It is well established that the aging heart progressively remodels towards a senescent phenotype, but alterations of cellular microstructure and their differences to chronic heart failure (HF) associated remodeling remain ill-defined. Here, we show that the transverse tubular system (t-system) and proteins underlying excitation-contraction coupling in cardiomyocytes are characteristically remodeled with age. We shed light on mechanisms of this remodeling and identified similarities and differences to chronic HF. Using left ventricular myocardium from donors and HF patients with ages between 19 and 75 years, we established a library of 3D reconstructions of the t-system as well as ryanodine receptor (RyR) and junctophilin 2 (JPH2) clusters. Aging was characterized by t-system alterations and sarcolemmal dissociation of RyR clusters. This remodeling was less pronounced than in HF and accompanied by major alterations of JPH2 arrangement. Our study indicates that targeting sarcolemmal association of JPH2 might ameliorate age-associated deficiencies of heart function.

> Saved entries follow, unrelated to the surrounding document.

lemma simple_lf_cyc_form_mult_iff:
  assumes m: "m > 0" and q: "coprime q (int m)" and d: "coprime d (int m)"
  shows "simple_lf (cyc_form (q * d) m) \<longleftrightarrow> (\<exists>e g. e \<in> {1, -1} \<and> [q = e * g^2 * d] (mod int m))"
proof -
  have "simple_lf (cyc_form (q * d) m) \<longleftrightarrow> (\<exists>e k. e \<in> {1, -1} \<and> [q * d = e * k^2] (mod int m))"
    using simple_lf_cyc_form_iff[OF m] q d by simp
  also have "\<dots> \<longleftrightarrow> (\<exists>e g. e \<in> {1, -1} \<and> [q = e * g^2 * d] (mod int m))"
  proof
    assume "\<exists>e k. e \<in> {1, -1} \<and> [q * d = e * k^2] (mod int m)"
    then obtain e k where e: "e \<in> {1, -1}" and qd: "[q * d = e * k^2] (mod int m)" by blast
    obtain v where v: "[d * v = 1] (mod int m)" using cong_solve_coprime_int[OF d] by blast
    have "[q = q * (d * v) * (d * v)] (mod int m)"
      using cong_mult[OF cong_mult[OF cong_refl[of q] v] v] by (simp add: cong_sym)
    also have "q * (d * v) * (d * v) = (q * d) * (v^2 * d)" by (simp add: power2_eq_square ac_simps)
    also have "[\<dots> = (e * k^2) * (v^2 * d)] (mod int m)" by (intro cong_mult qd cong_refl)
    also have "(e * k^2) * (v^2 * d) = e * (k * v)^2 * d" by (simp add: power2_eq_square ac_simps)
    finally show "\<exists>e g. e \<in> {1, -1} \<and> [q = e * g^2 * d] (mod int m)" using e by blast
  next
    assume "\<exists>e g. e \<in> {1, -1} \<and> [q = e * g^2 * d] (mod int m)"
    then obtain e g where e: "e \<in> {1, -1}" and qg: "[q = e * g^2 * d] (mod int m)" by blast
    have "[q * d = e * g^2 * d * d] (mod int m)" by (intro cong_mult qg cong_refl)
    hence "[q * d = e * (g * d)^2] (mod int m)" by (simp add: power2_eq_square ac_simps)
    thus "\<exists>e k. e \<in> {1, -1} \<and> [q * d = e * k^2] (mod int m)" using e by blast
  qed
  finally show ?thesis .
qed

lemma osum_carrier_Cons:
  "fst (osum (a # L)) = (\<lambda>(x, xs). x # xs) ` ({0..<int (snd a)} \<times> fst (osum L))"
proof (intro equalityI subsetI)
  fix xs assume xs: "xs \<in> fst (osum (a # L))"
  then obtain y ys where "xs = y # ys" by (cases xs) (auto simp: osum_def)
  with xs have "xs = y # ys" "y \<in> {0..<int (snd a)}" "ys \<in> fst (osum L)"
    by (force simp: osum_def)+
  thus "xs \<in> (\<lambda>(x, xs). x # xs) ` ({0..<int (snd a)} \<times> fst (osum L))" by force
qed (auto simp: osum_def nth_Cons split: nat.split)

lemma card_osum_carrier: "card (fst (osum L)) = prod_list (map snd L)"
proof (induction L)
  case Nil
  have "fst (osum []) = {[]}" by (auto simp: osum_def)
  then show ?case by simp
next
  case (Cons a L)
  have "inj_on (\<lambda>(x, xs). x # xs) ({0..<int (snd a)} \<times> fst (osum L))"
    by (auto simp: inj_on_def)
  then show ?case
    by (simp add: osum_carrier_Cons card_image card_cartesian_product Cons.IH)
qed

lemma osum_add_nth:
  "i < length L \<Longrightarrow> fst (snd (osum L)) xs ys ! i = (xs!i + ys!i) mod int (snd (L!i))"
  by (simp add: osum_def)

definition pairwise_coprime :: "nat list \<Rightarrow> bool" where
  "pairwise_coprime ns \<longleftrightarrow> (\<forall>i<length ns. \<forall>j<length ns. i \<noteq> j \<longrightarrow> coprime (ns!i) (ns!j))"

lemma prod_dvd_if_pairwise_coprime:
  fixes f :: "'a \<Rightarrow> int"
  assumes "finite I" "\<And>i j. i \<in> I \<Longrightarrow> j \<in> I \<Longrightarrow> i \<noteq> j \<Longrightarrow> coprime (f i) (f j)"
    and "\<And>i. i \<in> I \<Longrightarrow> f i dvd d"
  shows "prod f I dvd d"
  using assms
proof (induction I rule: finite_induct)
  case (insert i I)
  have "coprime (f i) (prod f I)"
    using insert.prems(1) insert.hyps(2) by (intro prod_coprime_right) auto
  with insert show ?case by (simp add: divides_mult)
qed simp

lemma prod_list_dvd_if_pairwise_coprime:
  assumes "pairwise_coprime ns" "\<And>i. i < length ns \<Longrightarrow> int (ns!i) dvd d"
  shows "int (prod_list ns) dvd d"
proof -
  have "(\<Prod>i\<in>{0..<length ns}. int (ns!i)) dvd d"
    using assms by (intro prod_dvd_if_pairwise_coprime) (auto simp: pairwise_coprime_def)
  thus ?thesis by (simp add: prod.list_conv_set_nth)
qed

lemma nth_dvd_prod_list: "i < length ns \<Longrightarrow> ns!i dvd prod_list (ns :: nat list)"
  by (simp add: prod_list_dvd)

lemma prod_list_div_nth_coprime:
  assumes "pairwise_coprime ns" "i < length ns" "ns!i > 0"
  shows "coprime (prod_list ns div ns!i) (ns!i)"
proof -
  have "prod_list ns = ns!i * (\<Prod>j\<in>{..<length ns} - {i}. ns!j)"
    using assms(2) by (simp add: prod.list_conv_set_nth atLeast0LessThan prod.remove)
  moreover have "coprime (\<Prod>j\<in>{..<length ns} - {i}. ns!j) (ns!i)"
    using assms(1,2) by (intro prod_coprime_left) (auto simp: pairwise_coprime_def)
  ultimately show ?thesis using assms(3) by simp
qed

众所周知，老化的心脏会逐渐向衰老表型重塑，但细胞微观结构的改变及其与慢性心力衰竭 (HF) 相关重塑的差异仍然不明确。在这里，我们显示横管系统（t-系统）和心肌细胞中激发-收缩耦合基础的蛋白质随着年龄的增长而特征性地重塑。我们阐明了这种重塑的机制，并确定了与慢性 HF 的异同。我们使用年龄在 19 至 75 岁之间的捐赠者和 HF 患者的左心室心肌，建立了 t 系统以及兰尼碱受体 (RyR) 和亲核蛋白 2 (JPH2) 簇的 3D 重建库。衰老的特点是 t 系统改变和 RyR 簇的肌膜分离。这种重塑不如HF明显，并伴有JPH2排列的重大改变。我们的研究表明，靶向 JPH2 的肌膜关联可能会改善与年龄相关的心脏功能缺陷。